→ **What is being asked**: A single figure is required: the number of lines below in which the word "metis" occurs.

▼

(* Let $\mathcal{C}=\langle E,X\rangle$ be a stable configuration structure and $y^\dagger\in X$ a finite configuration. For every finite configuration $x\in X$, $\lfloor x\rfloor_{\mathcal{C}}\odot\mathsf{E}(\mathcal{C}[y^\dagger])$ is a polarized event structure.
   Context: A configuration structure is $\mathcal{C}=\langle E,X\rangle$ with $E$ countable and $X\subseteq\mathcal{P}(E)$. It is stable if: $\emptyset\in X$; for all nonempty $x\in X$ there is $a\in x$ with $x\setminus\{a\}\in X$; for all $x,y,z\in X$, $x\cup y\subseteq z$ implies $x\cup y\in X$; $X$ is closed under binary intersection; and for all $x,y,z\in X$, if each of $x\cup y$, $y\cup z$, $x\cup z$ is contained in some element of $X$ then $x\cup y\cup z\in X$. $u\frown_{\mathcal{C}}v$ if $\{u,v\}$ has a least upper bound in $(X,\subseteq)$; $Y\subseteq X$ is pairwise consistent if $Y\neq\emptyset$ and any two distinct elements have a least upper bound; $p\in X$ is a complete prime if for every pairwise consistent $Y$ whose least upper bound $\bigsqcup Y$ exists with $p\subseteq\bigsqcup Y$, some $y\in Y$ satisfies $p\subseteq y$; $\mathsf{Pr}(\mathcal{C})$ is the set of complete primes; $\lfloor x\rfloor_{\mathcal{C}}:=\{p\in\mathsf{Pr}(\mathcal{C})\mid p\subseteq x\}$. A prime event structure is $(E,<,\#)$ with $<$ a partial order, $\#$ irreflexive symmetric, $e\#e'<e''\Rightarrow e\#e''$; configurations are conflict-free $<$-downward-closed subsets. $\mathsf{E}(\mathcal{C}):=(\mathsf{Pr}(\mathcal{C}),<,\#)$ with $p<q$ iff $p\subseteq q$, $p\#q$ iff not $p\frown_{\mathcal{C}}q$; $\mathsf{E}(\mathcal{C}[y^\dagger]):=\mathsf{E}(\mathcal{C})[\pi_{y^\dagger}]$ with $\pi_{y^\dagger}(p)=-1$ if $p\subseteq y^\dagger$ and $1$ otherwise. A polarized event structure $\mathbb{E}[\pi]$ is a prime event structure $\mathbb{E}=(E,<,\#)$ with $\pi:E\to\{-1,1\}$ such that $\{e\mid\pi(e)<0\}$ is a configuration of $\mathbb{E}$. Switch of a prime event structure $\mathbb{E}=(E,<,\#)$ on a finite configuration $X'$: $X'\odot\mathbb{E}:=(E,<',\#')$ with $a<'b$ iff ($a<b$ and $\{a,b\}\cap X'=\emptyset$) or ($b<a$ and $\{a,b\}\subseteq X'$) or ($a\#b$ and $a\in X'$); $a\#'b$ iff ($a\#b$ and $\{a,b\}\cap X'=\emptyset$) or ($a<b$, $a\in X'$, $b\notin X'$). Switch of a polarized structure: $X'\odot\mathbb{E}[\pi]:=(X'\odot\mathbb{E})[\pi']$ with $\pi'(e)=-\pi(e)$ if $e\in X'$ and $\pi'(e)=\pi(e)$ otherwise. *)

theory Defs
  imports Main "HOL-Library.Countable_Set"
begin

definition config_structure :: "'a set \<Rightarrow> 'a set set \<Rightarrow> bool" where
  "config_structure E X \<longleftrightarrow> countable E \<and> X \<subseteq> Pow E"

definition stable :: "'a set \<Rightarrow> 'a set set \<Rightarrow> bool" where
  "stable E X \<longleftrightarrow> config_structure E X \<and>
     {} \<in> X \<and>
     (\<forall>x\<in>X. x \<noteq> {} \<longrightarrow> (\<exists>a\<in>x. x - {a} \<in> X)) \<and>
     (\<forall>x\<in>X. \<forall>y\<in>X. \<forall>z\<in>X. x \<union> y \<subseteq> z \<longrightarrow> x \<union> y \<in> X) \<and>
     (\<forall>x\<in>X. \<forall>y\<in>X. x \<inter> y \<in> X) \<and>
     (\<forall>x\<in>X. \<forall>y\<in>X. \<forall>z\<in>X.
        (\<exists>w\<in>X. x \<union> y \<subseteq> w) \<and> (\<exists>w\<in>X. y \<union> z \<subseteq> w) \<and> (\<exists>w\<in>X. x \<union> z \<subseteq> w)
        \<longrightarrow> x \<union> y \<union> z \<in> X)"

definition lub_in :: "'a set set \<Rightarrow> 'a set set \<Rightarrow> 'a set \<Rightarrow> bool" where
  "lub_in X Y z \<longleftrightarrow> z \<in> X \<and> (\<forall>y\<in>Y. y \<subseteq> z) \<and>
     (\<forall>w\<in>X. (\<forall>y\<in>Y. y \<subseteq> w) \<longrightarrow> z \<subseteq> w)"

definition has_lub :: "'a set set \<Rightarrow> 'a set set \<Rightarrow> bool" where
  "has_lub X Y \<longleftrightarrow> (\<exists>z. lub_in X Y z)"

definition consistent :: "'a set set \<Rightarrow> 'a set \<Rightarrow> 'a set \<Rightarrow> bool" where
  "consistent X u v \<longleftrightarrow> has_lub X {u, v}"

definition pairwise_consistent :: "'a set set \<Rightarrow> 'a set set \<Rightarrow> bool" where
  "pairwise_consistent X Y \<longleftrightarrow> Y \<subseteq> X \<and> Y \<noteq> {} \<and>
     (\<forall>u\<in>Y. \<forall>v\<in>Y. u \<noteq> v \<longrightarrow> has_lub X {u, v})"

definition complete_prime :: "'a set set \<Rightarrow> 'a set \<Rightarrow> bool" where
  "complete_prime X p \<longleftrightarrow> p \<in> X \<and>
     (\<forall>Y z. pairwise_consistent X Y \<longrightarrow> lub_in X Y z \<longrightarrow> p \<subseteq> z \<longrightarrow> (\<exists>y\<in>Y. p \<subseteq> y))"

definition primes :: "'a set set \<Rightarrow> 'a set set" where
  "primes X = {p. complete_prime X p}"

definition prime_floor :: "'a set set \<Rightarrow> 'a set \<Rightarrow> 'a set set" where
  "prime_floor X x = {p \<in> primes X. p \<subseteq> x}"

text \<open>A prime event structure: events, strict causality, conflict.
  Relations are required to relate only events.\<close>
type_synonym 'e pes = "'e set \<times> ('e \<Rightarrow> 'e \<Rightarrow> bool) \<times> ('e \<Rightarrow> 'e \<Rightarrow> bool)"

definition is_pes :: "'e pes \<Rightarrow> bool" where
  "is_pes P \<longleftrightarrow> (case P of (E, lt, cf) \<Rightarrow>
     (\<forall>a b. lt a b \<longrightarrow> a \<in> E \<and> b \<in> E) \<and>
     (\<forall>a b. cf a b \<longrightarrow> a \<in> E \<and> b \<in> E) \<and>
     (\<forall>a\<in>E. \<not> lt a a) \<and>
     (\<forall>a\<in>E. \<forall>b\<in>E. \<forall>c\<in>E. lt a b \<longrightarrow> lt b c \<longrightarrow> lt a c) \<and>
     (\<forall>a\<in>E. \<not> cf a a) \<and>
     (\<forall>a\<in>E. \<forall>b\<in>E. cf a b \<longrightarrow> cf b a) \<and>
     (\<forall>a\<in>E. \<forall>b\<in>E. \<forall>c\<in>E. cf a b \<longrightarrow> lt b c \<longrightarrow> cf a c))"

definition pes_config :: "'e pes \<Rightarrow> 'e set \<Rightarrow> bool" where
  "pes_config P x \<longleftrightarrow> (case P of (E, lt, cf) \<Rightarrow>
     x \<subseteq> E \<and> (\<forall>a\<in>x. \<forall>b\<in>x. \<not> cf a b) \<and>
     (\<forall>b\<in>x. \<forall>a\<in>E. lt a b \<longrightarrow> a \<in> x))"

type_synonym 'e ppes = "'e pes \<times> ('e \<Rightarrow> int)"

definition is_polarized :: "'e ppes \<Rightarrow> bool" where
  "is_polarized Q \<longleftrightarrow> (case Q of (P, pol) \<Rightarrow>
     is_pes P \<and> (\<forall>e\<in>fst P. pol e \<in> {-1, 1}) \<and>
     pes_config P {e \<in> fst P. pol e < 0})"

definition ES_of :: "'a set set \<Rightarrow> 'a set pes" where
  "ES_of X = (primes X,
     (\<lambda>p q. p \<in> primes X \<and> q \<in> primes X \<and> p \<subset> q),
     (\<lambda>p q. p \<in> primes X \<and> q \<in> primes X \<and> \<not> consistent X p q))"

definition pol_of :: "'a set \<Rightarrow> 'a set \<Rightarrow> int" where
  "pol_of y p = (if p \<subseteq> y then -1 else 1)"

text \<open>E(C[y]) = E(C)[pi_y]\<close>
definition ES_pol :: "'a set set \<Rightarrow> 'a set \<Rightarrow> 'a set ppes" where
  "ES_pol X y = (ES_of X, pol_of y)"

text \<open>The new conflict is taken symmetrically closed.\<close>
definition switch :: "'e set \<Rightarrow> 'e pes \<Rightarrow> 'e pes" where
  "switch X' P = (case P of (E, lt, cf) \<Rightarrow>
     (E,
      (\<lambda>a b. (lt a b \<and> a \<notin> X' \<and> b \<notin> X') \<or> (lt b a \<and> a \<in> X' \<and> b \<in> X') \<or> (cf a b \<and> a \<in> X')),
      (\<lambda>a b. (cf a b \<and> a \<notin> X' \<and> b \<notin> X') \<or>
             (lt a b \<and> a \<in> X' \<and> b \<notin> X') \<or> (lt b a \<and> b \<in> X' \<and> a \<notin> X'))))"

definition switch_pol :: "'e set \<Rightarrow> 'e ppes \<Rightarrow> 'e ppes" where
  "switch_pol X' Q = (case Q of (P, pol) \<Rightarrow>
     (switch X' P, (\<lambda>e. if e \<in> X' then - pol e else pol e)))"

end

theory Submission
  imports Defs
begin

text \<open>In a stable configuration structure two configurations lying below a common configuration
  have their union as least upper bound. Hence inconsistency of complete primes is inherited
  upwards, so \<open>E(C)\<close> is a prime event structure, and all complete primes below one configuration
  are pairwise consistent, so every \<open>\<lfloor>x\<rfloor>\<close> is a configuration of \<open>E(C)\<close>; the negative events of
  \<open>E(C[y\<dagger>])\<close> form the configuration \<open>\<lfloor>y\<dagger>\<rfloor>\<close>.
  Switching a prime event structure along a conflict-free set \<open>L\<close> reverses causality inside \<open>L\<close>
  and exchanges causality and conflict between \<open>L\<close> and its complement; the result is again a prime
  event structure. After the switch the negative events are the symmetric difference of \<open>L\<close> and
  the old negative configuration, which is a configuration of the switched structure.\<close>

lemma consistent_commute: "consistent X p q \<longleftrightarrow> consistent X q p"
  unfolding consistent_def by (simp add: insert_commute)

lemma consistent_refl: "p \<in> X \<Longrightarrow> consistent X p p"
  unfolding consistent_def has_lub_def lub_in_def by auto

lemma stable_consistent_if_union_subset:
  assumes "stable E X" "p \<in> X" "q \<in> X" "z \<in> X" "p \<union> q \<subseteq> z"
  shows "consistent X p q"
proof -
  have "\<forall>x\<in>X. \<forall>y\<in>X. \<forall>z\<in>X. x \<union> y \<subseteq> z \<longrightarrow> x \<union> y \<in> X"
    using assms(1) unfolding stable_def by (elim conjE)
  then have "p \<union> q \<in> X" using assms(2-5) by blast
  then have "lub_in X {p, q} (p \<union> q)" unfolding lub_in_def by auto
  then show ?thesis unfolding consistent_def has_lub_def by blast
qed

lemma stable_consistent_antimono:
  assumes "stable E X" "consistent X p r" "q \<subseteq> r" "p \<in> X" "q \<in> X"
  shows "consistent X p q"
proof -
  obtain z where "lub_in X {p, r} z"
    using assms(2) unfolding consistent_def has_lub_def by blast
  then have "z \<in> X" "p \<union> q \<subseteq> z" using assms(3) unfolding lub_in_def by auto
  then show ?thesis using stable_consistent_if_union_subset assms(1,4,5) by blast
qed

lemma primes_subset: "primes X \<subseteq> X"
  unfolding primes_def complete_prime_def by auto

lemma is_pes_iff:
  "is_pes (E, lt, cf) \<longleftrightarrow>
     (\<forall>a b. lt a b \<longrightarrow> a \<in> E \<and> b \<in> E) \<and> (\<forall>a b. cf a b \<longrightarrow> a \<in> E \<and> b \<in> E) \<and>
     (\<forall>a. \<not> lt a a) \<and> (\<forall>a b c. lt a b \<longrightarrow> lt b c \<longrightarrow> lt a c) \<and>
     (\<forall>a. \<not> cf a a) \<and> (\<forall>a b. cf a b \<longrightarrow> cf b a) \<and>
     (\<forall>a b c. cf a b \<longrightarrow> lt b c \<longrightarrow> cf a c)"
  unfolding is_pes_def by blast

lemma stable_is_pes_ES_of:
  assumes "stable E X"
  shows "is_pes (ES_of X)"
proof -
  have "\<not> consistent X p r" if "\<not> consistent X p q" "q \<subset> r" "p \<in> primes X" "q \<in> primes X"
    for p q r
    using that stable_consistent_antimono[OF assms] primes_subset by blast
  then show ?thesis
    unfolding ES_of_def is_pes_iff
    using primes_subset[of X] consistent_refl[of _ X] consistent_commute[of X]
    by (auto intro: psubset_trans)
qed

lemma stable_pes_config_prime_floor:
  assumes "stable E X" "x \<in> X"
  shows "pes_config (ES_of X) (prime_floor X x)"
proof -
  have "consistent X p q" if "p \<in> prime_floor X x" "q \<in> prime_floor X x" for p q
    using that primes_subset[of X] stable_consistent_if_union_subset[OF assms(1) _ _ assms(2)]
    unfolding prime_floor_def by blast
  then show ?thesis
    unfolding ES_of_def pes_config_def prod.case by (auto simp: prime_floor_def)
qed

lemma is_pes_switch:
  assumes pes: "is_pes (E, lt, cf)" and L_conflict_free: "\<forall>a\<in>L. \<forall>b\<in>L. \<not> cf a b"
  shows "is_pes (switch L (E, lt, cf))"
proof -
  obtain lt' cf' where sw: "switch L (E, lt, cf) = (E, lt', cf')"
    and lt': "\<And>a b. lt' a b \<longleftrightarrow>
      (lt a b \<and> a \<notin> L \<and> b \<notin> L) \<or> (lt b a \<and> a \<in> L \<and> b \<in> L) \<or> (cf a b \<and> a \<in> L)"
    and cf': "\<And>a b. cf' a b \<longleftrightarrow>
      (cf a b \<and> a \<notin> L \<and> b \<notin> L) \<or> (lt a b \<and> a \<in> L \<and> b \<notin> L) \<or> (lt b a \<and> b \<in> L \<and> a \<notin> L)"
    unfolding switch_def by auto
  from pes have in_E: "\<And>a b. lt a b \<or> cf a b \<Longrightarrow> a \<in> E \<and> b \<in> E"
    and lt_irrefl: "\<And>a. \<not> lt a a" and lt_trans: "\<And>a b c. lt a b \<Longrightarrow> lt b c \<Longrightarrow> lt a c"
    and cf_irrefl: "\<And>a. \<not> cf a a" and cf_sym: "\<And>a b. cf a b \<Longrightarrow> cf b a"
    and cf_inherit: "\<And>a b c. cf a b \<Longrightarrow> lt b c \<Longrightarrow> cf a c"
    unfolding is_pes_iff by blast+
  text \<open>Both proofs split on membership of \<open>a\<close>, \<open>b\<close>, \<open>c\<close> in \<open>L\<close>; conflict-freeness of \<open>L\<close>
    ensures that \<open>lt'\<close> between two events of \<open>L\<close> is the reversed \<open>lt\<close>.\<close>
  have lt'_trans: "lt' a c" if "lt' a b" "lt' b c" for a b c
    using that L_conflict_free lt_trans cf_sym cf_inherit unfolding lt' by metis
  have cf'_inherit: "cf' a c" if "cf' a b" "lt' b c" for a b c
    using that L_conflict_free lt_trans cf_sym cf_inherit unfolding lt' cf' by metis
  show ?thesis
    unfolding sw is_pes_iff using lt'_trans cf'_inherit in_E lt_irrefl cf_irrefl cf_sym
    unfolding lt' cf' by blast
qed

lemma pes_config_switch_sym_diff:
  assumes pes: "is_pes (E, lt, cf)"
    and L: "L \<subseteq> E" "\<forall>a\<in>L. \<forall>b\<in>L. \<not> cf a b"
    and Y: "pes_config (E, lt, cf) Y"
  shows "pes_config (switch L (E, lt, cf)) (sym_diff L Y)"
proof -
  from pes have in_E: "\<And>a b. lt a b \<Longrightarrow> a \<in> E \<and> b \<in> E"
    unfolding is_pes_iff by blast
  from Y have "Y \<subseteq> E" and "\<forall>a\<in>Y. \<forall>b\<in>Y. \<not> cf a b"
    and "\<And>a b. b \<in> Y \<Longrightarrow> lt a b \<Longrightarrow> a \<in> Y"
    unfolding pes_config_def using in_E by auto
  with L show ?thesis
    unfolding switch_def pes_config_def prod.case by blast
qed

lemma is_polarized_switch_pol:
  assumes pes: "is_pes (E, lt, cf)"
    and L: "L \<subseteq> E" "\<forall>a\<in>L. \<forall>b\<in>L. \<not> cf a b"
    and Y: "pes_config (E, lt, cf) Y"
    and pol: "\<forall>e\<in>E. pol e = (if e \<in> Y then -1 else 1)"
  shows "is_polarized (switch_pol L ((E, lt, cf), pol))"
proof -
  have "Y \<subseteq> E" using Y unfolding pes_config_def by simp
  with L pol have "{e \<in> E. (if e \<in> L then - pol e else pol e) < 0} = sym_diff L Y"
    by auto
  with pol is_pes_switch[OF pes L(2)] pes_config_switch_sym_diff[OF pes L Y]
  show ?thesis
    unfolding switch_pol_def is_polarized_def by (simp add: switch_def)
qed

theorem mainTheorem14:
  fixes E :: "'a set" and X :: "'a set set" and y x :: "'a set"
  assumes "stable E X"
    and "y \<in> X" and "finite y"
    and "x \<in> X" and "finite x"
  shows "is_polarized (switch_pol (prime_floor X x) (ES_pol X y))"
proof -
  obtain lt cf where ES: "ES_of X = (primes X, lt, cf)"
    unfolding ES_of_def by simp
  have "pes_config (ES_of X) (prime_floor X x)"
    using stable_pes_config_prime_floor assms(1,4) .
  then have L: "prime_floor X x \<subseteq> primes X" "\<forall>a\<in>prime_floor X x. \<forall>b\<in>prime_floor X x. \<not> cf a b"
    unfolding ES pes_config_def by auto
  have pol: "\<forall>p\<in>primes X. pol_of y p = (if p \<in> prime_floor X y then -1 else 1)"
    by (simp add: pol_of_def prime_floor_def)
  show ?thesis
    using is_polarized_switch_pol[OF _ L _ pol] stable_is_pes_ES_of[OF assms(1)]
      stable_pes_config_prime_floor[OF assms(1,2)]
    unfolding ES_pol_def ES by blast
qed

end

▲

→ **Solution to the problem**: 2